Ever wondered what politics looked like in India during the 1970s and 1980s? The Politician Redux by Devesh Verma has all the answers. Join Ram Mohan’s journey as he lands on the UP Public Service Commission, having been denied a cabinet position. Against the backdrop of the JP movement shaking up the Congress regime, Ram Mohan’s story unfolds amidst significant changes in Indian history.​


Read this excerpt to experience the political intrigue, societal upheaval, and relentless pursuit of power in this thrilling sequel to The Politician.

The Politician Redux
The Politician Redux || Devesh Verma


There had been signs of popular unrest and political turmoil across an enormous chunk of India, and the way it came to grow in scope and intensity was staggering. Ram Mohan was thankful to Saansadji, the Chief Minister, for sending him to the Commission. Handpicked by Indira Gandhi, no Congress CM had the resources of his own to handle a crisis of this nature. It had all begun in the state of Gujarat, this flaring up of popular rage at inflation, where, incensed at their increased mess bill, students at an engineering college assaulted a college official, and put the canteen to the torch, following it up with another bout of destruction of college property. The trouble metastasized to other educational institutions Students were baying for the sacking of the state government led by one of the most corrupt Congress leaders, Chimanbhai Patel, who had procured massive funds for the party through questionable means.
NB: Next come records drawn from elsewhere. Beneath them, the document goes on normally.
definition C4_free :: "('a \<Rightarrow> 'a \<Rightarrow> bool) \<Rightarrow> bool" where
  "C4_free E \<longleftrightarrow> \<not> (\<exists>a b c d. distinct [a, b, c, d] \<and> E a b \<and> E b c \<and> E c d \<and> E d a)"

definition edges :: "('a \<Rightarrow> 'a \<Rightarrow> bool) \<Rightarrow> 'a set set" where
  "edges E = {{x, y} | x y. E x y}"

definition remove_edges :: "('a \<Rightarrow> 'a \<Rightarrow> bool) \<Rightarrow> 'a set set \<Rightarrow> 'a \<Rightarrow> 'a \<Rightarrow> bool" where
  "remove_edges E F = (\<lambda>x y. E x y \<and> {x, y} \<notin> F)"

text \<open>Edge-connectivity at least k: the graph is nontrivial (at least two
vertices, so the trivial graph has edge-connectivity 0) and removing any
set of fewer than k edges leaves it connected; i.e. every disconnecting
edge set has at least k edges.\<close>
definition edge_connectivity_ge :: "'a set \<Rightarrow> ('a \<Rightarrow> 'a \<Rightarrow> bool) \<Rightarrow> nat \<Rightarrow> bool" where
  "edge_connectivity_ge V E k \<longleftrightarrow> card V \<ge> 2 \<and>
     (\<forall>F. F \<subseteq> edges E \<and> card F < k \<longrightarrow> connected_graph V (remove_edges E F))"

end

theory Submission
  imports Defs
begin

text \<open>Take vertices v and w at distance d, the diameter, and the distance layers
L_0, ..., L_d around v. Edge-connectivity at least 4 means every edge cut has at least 4 edges:
so every vertex has degree at least 4, and at least 4 edges join L_i to L_(i+1). C4-freeness
means that two distinct vertices have at most one common neighbour. Counting with these two
facts, any three consecutive layers contain at least 9 vertices, and L_0, L_1, L_2 at least 13
(v, its at least 4 neighbours, and at least 2 private neighbours of each of these). Summing over
the d + 1 layers gives n \<ge> 3d + 3.\<close>

lemma card_Un3_ge:
  assumes "finite X" "finite Y" "finite Z"
  shows "card X + card Y + card Z
    \<le> card (X \<union> Y \<union> Z) + card (X \<inter> Y) + card (X \<inter> Z) + card (Y \<inter> Z)"
proof -
  have "card ((X \<union> Y) \<inter> Z) \<le> card (X \<inter> Z) + card (Y \<inter> Z)"
    using card_Un_le[of "X \<inter> Z" "Y \<inter> Z"] by (simp add: Int_Un_distrib2)
  moreover have "card X + card Y = card (X \<union> Y) + card (X \<inter> Y)"
    using card_Un_Int assms by blast
  moreover have "card (X \<union> Y) + card Z = card (X \<union> Y \<union> Z) + card ((X \<union> Y) \<inter> Z)"
    using card_Un_Int[of "X \<union> Y" Z] assms by simp
  ultimately show ?thesis by linarith
qed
That inflamed the situation on the price rise front. Then, Jayprakash Narayan, an esteemed socialist figure, decided to lend his support to the agitation in Gujarat. Having been associated with the freedom struggle, he had once been invited by Nehru to join his cabinet. He had declined and quietly settled down in his home state, Bihar, emerging now and again from his retirement to pick up odd causes. Soon to be known as JP, he hailed the Gujarat students’ angst, seeing it as a force that could bring about the redemption of the country from corruption infesting the Indian polity.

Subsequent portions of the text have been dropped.